**WHAT YOU WILL DO:**
Wherever a line below holds the word "real", copy that line.
------ THE DATA ------
lemma Amat_mult_vec_index:
  assumes "n \<ge> 1" "g \<in> carrier_vec (2*n)" "k < 2*n"
  shows "(Amat n *\<^sub>v g) $ k = g $ cyc_next n k"
proof -
  have "(Amat n *\<^sub>v g) $ k = (\<Sum>j\<in>{0..<2*n}. (if j = cyc_next n k then 1 else 0) * g $ j)"
    using assms Amat_carrier[of n] by (auto simp: scalar_prod_def Amat_index intro!: sum.cong)
  also have "\<dots> = g $ cyc_next n k"
    using cyc_next_less[OF assms(1,3)] by (simp add: if_distrib[of "\<lambda>c. c * _"] cong: if_cong)
  finally show ?thesis .
qed

lemma transpose_Amat_mult_index:
  assumes "n \<ge> 1" "Y \<in> carrier_mat (2*n) m" "i < 2*n" "j < m"
  shows "(transpose_mat (Amat n) * Y) $$ (i,j) = Y $$ (cyc_prev n i, j)"
proof -
  have "(transpose_mat (Amat n) * Y) $$ (i,j)
      = (\<Sum>k\<in>{0..<2*n}. (if k = cyc_prev n i then 1 else 0) * Y $$ (k,j))"
    using assms Amat_carrier[of n]
    by (auto simp: scalar_prod_def Amat_index cyc_next_eq_iff intro!: sum.cong)
  also have "\<dots> = Y $$ (cyc_prev n i, j)"
    using cyc_prev_less[OF assms(1,3)] by (simp add: if_distrib[of "\<lambda>c. c * _"] cong: if_cong)
  finally show ?thesis .
qed

lemma mult_Amat_index:
  assumes "n \<ge> 1" "Y \<in> carrier_mat m (2*n)" "i < m" "j < 2*n"
  shows "(Y * Amat n) $$ (i,j) = Y $$ (i, cyc_prev n j)"
proof -
  have "(Y * Amat n) $$ (i,j) = (\<Sum>k\<in>{0..<2*n}. (if k = cyc_prev n j then 1 else 0) * Y $$ (i,k))"
    using assms Amat_carrier[of n]
    by (auto simp: scalar_prod_def Amat_index cyc_next_eq_iff mult.commute intro!: sum.cong)
  also have "\<dots> = Y $$ (i, cyc_prev n j)"
    using cyc_prev_less[OF assms(1,4)] by (simp add: if_distrib[of "\<lambda>c. c * _"] cong: if_cong)
  finally show ?thesis .
qed

lemma transpose_Amat_mult_Jmat:
  assumes "n \<ge> 1"
  shows "transpose_mat (Amat n) * Jmat n x = Jmat n x * Amat n"
proof (rule eq_matI)
  fix i j assume "i < dim_row (Jmat n x * Amat n)" "j < dim_col (Jmat n x * Amat n)"
  then have i: "i < 2*n" and j: "j < 2*n"
    by auto
  have "Suc (cyc_prev n i + j) mod n = Suc (cyc_prev n j + i) mod n"
    unfolding Suc_cyc_prev_mod[OF assms i] Suc_cyc_prev_mod[OF assms j] by (metis add.commute)
  then have "(cyc_prev n i + j) mod n = (i + cyc_prev n j) mod n"
    by (metis Suc_mod_cancel add.commute)
  then show "(transpose_mat (Amat n) * Jmat n x) $$ (i, j) = (Jmat n x * Amat n) $$ (i, j)"
    unfolding transpose_Amat_mult_index[OF assms Jmat_carrier i j] mult_Amat_index[OF assms Jmat_carrier i j]
    using i j cyc_prev_less[OF assms i] cyc_prev_less[OF assms j]
      cyc_prev_less_iff[OF assms i] cyc_prev_less_iff[OF assms j]
    by (simp add: Jmat_index not_less[symmetric])
qed auto

lemma transpose_Amat_mult_Jmat_unit_vec:
  assumes "n \<ge> 1" "k < 2*n"
  shows "transpose_mat (Amat n) * Jmat n (unit_vec (2*n) k) = Jmat n (unit_vec (2*n) (cyc_next n k))"
proof (rule eq_matI)
  fix i j assume "i < dim_row (Jmat n (unit_vec (2*n) (cyc_next n k)))"
    "j < dim_col (Jmat n (unit_vec (2*n) (cyc_next n k)))"
  then have i: "i < 2*n" and j: "j < 2*n"
    by auto
  have mod_less: "p mod n < 2*n" for p
    using assms(1) mod_less_divisor[of n p] by linarith
  have "(cyc_prev n i + j) mod n = k \<longleftrightarrow> (i + j) mod n = cyc_next n k"
    using mod_Suc_eq_cyc_next_iff[OF assms, of "cyc_prev n i + j"] Suc_cyc_prev_mod[OF assms(1) i, of j]
    by simp
  then show "(transpose_mat (Amat n) * Jmat n (unit_vec (2*n) k)) $$ (i, j)
      = Jmat n (unit_vec (2*n) (cyc_next n k)) $$ (i, j)"
    unfolding transpose_Amat_mult_index[OF assms(1) Jmat_carrier i j]
    using i j cyc_prev_less[OF assms(1) i] cyc_prev_less_iff[OF assms(1) i]
      cyc_next_less[OF assms] assms(2) mod_less
    by (simp add: Jmat_index not_less[symmetric])
qed auto

lemma Jmat_add_smult:
  assumes "x \<in> carrier_vec (2*n)" "e \<in> carrier_vec (2*n)"
  shows "Jmat n (x + t \<cdot>\<^sub>v e) = Jmat n x + t \<cdot>\<^sub>m Jmat n e"
proof (rule eq_matI)
  fix i j assume "i < dim_row (Jmat n x + t \<cdot>\<^sub>m Jmat n e)" "j < dim_col (Jmat n x + t \<cdot>\<^sub>m Jmat n e)"
  then have i: "i < 2*n" and j: "j < 2*n"
    by auto
  have "(i + j) mod n < 2*n"
    using i mod_less_divisor[of n "i + j"] by linarith
  then show "Jmat n (x + t \<cdot>\<^sub>v e) $$ (i, j) = (Jmat n x + t \<cdot>\<^sub>m Jmat n e) $$ (i, j)"
    using assms i j Jmat_carrier[of n x] Jmat_carrier[of n e] by (simp add: Jmat_index)
qed auto

lemma admissible_transpose_Amat_commute:
  assumes "n \<ge> 1" "admissible_hessian n Hs"
  shows "transpose_mat (Amat n) * (Jmat n x * Hs) = (Jmat n x * Hs) * transpose_mat (Amat n)"
proof -
  have A: "Amat n \<in> carrier_mat (2*n) (2*n)" and B: "transpose_mat (Amat n) \<in> carrier_mat (2*n) (2*n)"
    and H: "Hs \<in> carrier_mat (2*n) (2*n)" and AH: "Amat n * Hs = Hs * transpose_mat (Amat n)"
    using assms(2) Amat_carrier[of n] unfolding admissible_hessian_def by auto
  have J: "Jmat n x \<in> carrier_mat (2*n) (2*n)" by (rule Jmat_carrier)
  have "transpose_mat (Amat n) * (Jmat n x * Hs) = (transpose_mat (Amat n) * Jmat n x) * Hs"
    by (rule assoc_mult_mat[OF B J H, symmetric])
  also have "\<dots> = (Jmat n x * Amat n) * Hs"
    by (simp only: transpose_Amat_mult_Jmat[OF assms(1)])
  also have "\<dots> = Jmat n x * (Hs * transpose_mat (Amat n))"
    by (simp only: assoc_mult_mat[OF J A H] AH)
  also have "\<dots> = (Jmat n x * Hs) * transpose_mat (Amat n)"
    by (rule assoc_mult_mat[OF J H B, symmetric])
  finally show ?thesis .
qed

lemma qfun_line:
  assumes "Hs \<in> carrier_mat (2*n) (2*n)" "x \<in> carrier_vec (2*n)" "e \<in> carrier_vec (2*n)"
  shows "qfun n Hs l (x + t \<cdot>\<^sub>v e) = 1 / (2 * real n) *
    mtrace (transpose_mat (Amat n) ^\<^sub>m l * (Jmat n x * Hs + t \<cdot>\<^sub>m (Jmat n e * Hs)) ^\<^sub>m 2)"
proof -
  have J: "Jmat n x \<in> carrier_mat (2*n) (2*n)" "Jmat n e \<in> carrier_mat (2*n) (2*n)"
    by (rule Jmat_carrier)+
  have "Jmat n (x + t \<cdot>\<^sub>v e) * Hs = (Jmat n x + t \<cdot>\<^sub>m Jmat n e) * Hs"
    by (simp only: Jmat_add_smult[OF assms(2,3)])
  also have "\<dots> = Jmat n x * Hs + (t \<cdot>\<^sub>m Jmat n e) * Hs"
    by (rule add_mult_distrib_mat[OF J(1) smult_carrier_mat[OF J(2)] assms(1)])
  also have "(t \<cdot>\<^sub>m Jmat n e) * Hs = t \<cdot>\<^sub>m (Jmat n e * Hs)"
    by (rule mult_smult_assoc_mat[OF J(2) assms(1)])
  finally have "Jmat n (x + t \<cdot>\<^sub>v e) * Hs = Jmat n x * Hs + t \<cdot>\<^sub>m (Jmat n e * Hs)" .
  then show ?thesis
    unfolding qfun_def by (rule arg_cong)
qed

lemma grad_carrier: "grad m f x \<in> carrier_vec m"
  by (simp add: grad_def)

lemma grad_qfun_index:
  assumes "n \<ge> 1" "admissible_hessian n Hs" "x \<in> carrier_vec (2*n)" "k < 2*n"
  shows "grad (2*n) (qfun n Hs l) x $ k
    = mtrace (transpose_mat (Amat n) ^\<^sub>m l * ((Jmat n (unit_vec (2*n) k) * Hs) * (Jmat n x * Hs))) / real n"
proof -
  define P where "P = transpose_mat (Amat n) ^\<^sub>m l"
  define M where "M = Jmat n x * Hs"
  define K where "K = Jmat n (unit_vec (2*n) k) * Hs"
  have H: "Hs \<in> carrier_mat (2*n) (2*n)"
    using assms(2) unfolding admissible_hessian_def by simp
  have B: "transpose_mat (Amat n) \<in> carrier_mat (2*n) (2*n)"
    using Amat_carrier[of n] by simp
  have P: "P \<in> carrier_mat (2*n) (2*n)" and M: "M \<in> carrier_mat (2*n) (2*n)"
    and K: "K \<in> carrier_mat (2*n) (2*n)"
    unfolding P_def M_def K_def using B H Jmat_carrier by auto
  have PM: "P * M = M * P"
    unfolding P_def using pow_mat_commute[OF B M] admissible_transpose_Amat_commute[OF assms(1,2)]
    by (simp add: M_def)
  have "((\<lambda>t. qfun n Hs l (x + t \<cdot>\<^sub>v unit_vec (2*n) k))
      has_real_derivative 1 / (2 * real n) * mtrace (P * (M * K + K * M))) (at 0)"
    unfolding qfun_line[OF H assms(3) unit_vec_carrier] P_def[symmetric] M_def[symmetric] K_def[symmetric]
    by (intro DERIV_cmult has_derivative_mtrace_square_line[OF P M K])
  then have "grad (2*n) (qfun n Hs l) x $ k = 1 / (2 * real n) * mtrace (P * (M * K + K * M))"
    unfolding grad_def using assms(4) by (simp add: DERIV_imp_deriv)
  also have "\<dots> = mtrace (P * (K * M)) / real n"
    by (simp add: mtrace_mult_anticommutator[OF P M K PM])
  finally show ?thesis
    unfolding P_def M_def K_def .
qed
------
**EXERCISE ANSWER:**
  shows "qfun n Hs l (x + t \<cdot>\<^sub>v e) = 1 / (2 * real n) *
    = mtrace (transpose_mat (Amat n) ^\<^sub>m l * ((Jmat n (unit_vec (2*n) k) * Hs) * (Jmat n x * Hs))) / real n"
      has_real_derivative 1 / (2 * real n) * mtrace (P * (M * K + K * M))) (at 0)"
  then have "grad (2*n) (qfun n Hs l) x $ k = 1 / (2 * real n) * mtrace (P * (M * K + K * M))"
  also have "\<dots> = mtrace (P * (K * M)) / real n"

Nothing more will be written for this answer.